As the 14th seed, Muguruza reached the Wimbledon fourth round, beating Ekaterina Alexandrova, Yanina Wickmayer and Sorana Cîrstea. She then faced the previous year's runner-up and world No. 1, Angelique Kerber, eventually beating her in three sets. She then defeated seventh seed Svetlana Kuznetsova and then 87th-ranked Magdaléna Rybáriková, both in straight sets, to advance to her second Wimbledon final. There, she defeated tenth seed Venus Williams in straight sets, clinching her second major title, and became the first ever, and only, player to defeat both Williams sisters in major singles finals.
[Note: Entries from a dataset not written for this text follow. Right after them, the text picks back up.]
(* Let $\mathbb Y^{(\mathcal K)}$ be the stationary Markov chain on $I^2\times\{0,1\}$ with transition matrix $\mathcal K$ and stationary law $\zeta$, and $\mathbb Y^{(\mathcal A)}$ the stationary Markov chain on $I^2\times\mathcal E^*$ with transition matrix $\mathcal A$ and stationary law $\eta$. Then $$h(\mathbb Y^{(\mathcal A)})=h(\mathbb Y^{(\mathcal K)})+\sum_{i\in I}\mu(i)P(i,\mathcal E)H(D^i),\qquad H(D^i)=-\sum_{\delta\in\mathcal E}\frac{P(i,\delta)}{P(i,\mathcal E)}\log\frac{P(i,\delta)}{P(i,\mathcal E)},$$ and $$h(\mathbb Y^{(\mathcal A)})=-(1-\gamma)\sum_{j\in I}\mu(j)\log\mu(j)-\sum_{i,j\in I}\mu(i)P(i,j)\log P(i,j)-\sum_{i\in I,\delta\in\mathcal E}\mu(i)P(i,\delta)\log P(i,\delta).$$
   Context: $I$ and $\mathcal E$ are disjoint countable sets, $\mathcal E\ne\emptyset$; $P$ is a stochastic matrix on $I\cup\mathcal E$ with all $\epsilon\in\mathcal E$ absorbing, irreducible restriction $P_I$ to $I$, $\sum_{i\in I}P(i,\mathcal E)>0$ where $P(i,\mathcal E)=\sum_{\epsilon\in\mathcal E}P(i,\epsilon)$, and $\mathcal E$ reached a.s. from every $i\in I$. $\mu$ is a quasi-stationary distribution of $P_I$: a probability on $I$ with $\mu^tP_I=\gamma\mu^t$, $\gamma=\sum_{i,j\in I}\mu(i)P(i,j)\in(0,1)$. Terms with $P(i,\mathcal E)=0$ contribute $0$. The matrix $\mathcal K$ on $I^2\times\{0,1\}$: $\mathcal K((i,j,a),(l,k,b))=0$ if $l\ne j$, and $\mathcal K((i,j,a),(j,k,b))=P(j,k)\mathbf 1(b=1)+P(j,\mathcal E)\mu(k)\mathbf 1(b=0)$; stationary law $\zeta(i,j,a)=\mu(i)P(i,j)\mathbf 1(a=1)+\mu(i)P(i,\mathcal E)\mu(j)\mathbf 1(a=0)$. Let $\mathcal E^*=\mathcal E\cup\{o\}$ with $o\notin I\cup\mathcal E$. The matrix $\mathcal A$ on $I^2\times\mathcal E^*$: $\mathcal A((i,j,\delta),(l,k,\epsilon))=0$ if $l\neq j$, $=P(j,k)$ if $l=j,\epsilon=o$, and $=P(j,\epsilon)\mu(k)$ if $l=j,\epsilon\in\mathcal E$; stationary law $\eta(i,j,\delta)=\mu(i)P(i,j)\mathbf 1(\delta=o)+\mu(i)P(i,\delta)\mu(j)\mathbf 1(\delta\in\mathcal E)$. For a stationary Markov chain $\mathbb Z$ with transition matrix $R$ and stationary law $\nu$, $h(\mathbb Z)=-\sum_a\nu(a)\sum_bR(a,b)\log R(a,b)$ (with $0\log 0=0$). *)

theory Defs
  imports "HOL-Analysis.Analysis"
begin

definition PE :: "('s \<Rightarrow> 's \<Rightarrow> real) \<Rightarrow> 's set \<Rightarrow> 's \<Rightarrow> real" where
  "PE P E i = (\<Sum>\<^sub>\<infinity>e\<in>E. P i e)"

fun mpow :: "('s \<Rightarrow> 's \<Rightarrow> real) \<Rightarrow> 's set \<Rightarrow> nat \<Rightarrow> 's \<Rightarrow> 's \<Rightarrow> real" where
  "mpow P S 0 x y = (if x = y then 1 else 0)"
| "mpow P S (Suc n) x y = (\<Sum>\<^sub>\<infinity>z\<in>S. mpow P S n x z * P z y)"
Muguruza started her hardcourt summer in Stanford, beating Kayla Day and Ana Konjuh before losing in the semifinals to Madison Keys. She next travelled to Toronto for the Rogers Cup, and recorded wins over Kirsten Flipkens and Ashleigh Barty. Muguruza lost in the quarterfinals to Elina Svitolina. Muguruza's next tournament was the Western and Southern Open in Cincinnati. She won two tough three set matches against Madison Keys and Svetlana Kuznetsova to make it to the semifinals. There she faced Karolína Plíšková, the world No. 1, to whom she had lost six times in a row. This time Muguruza turned the tables and won in two sets. In the final she played Simona Halep, dropping only one game in 57 minutes to capture the fifth title of her career. This also marked the first time in which she won multiple titles in one season.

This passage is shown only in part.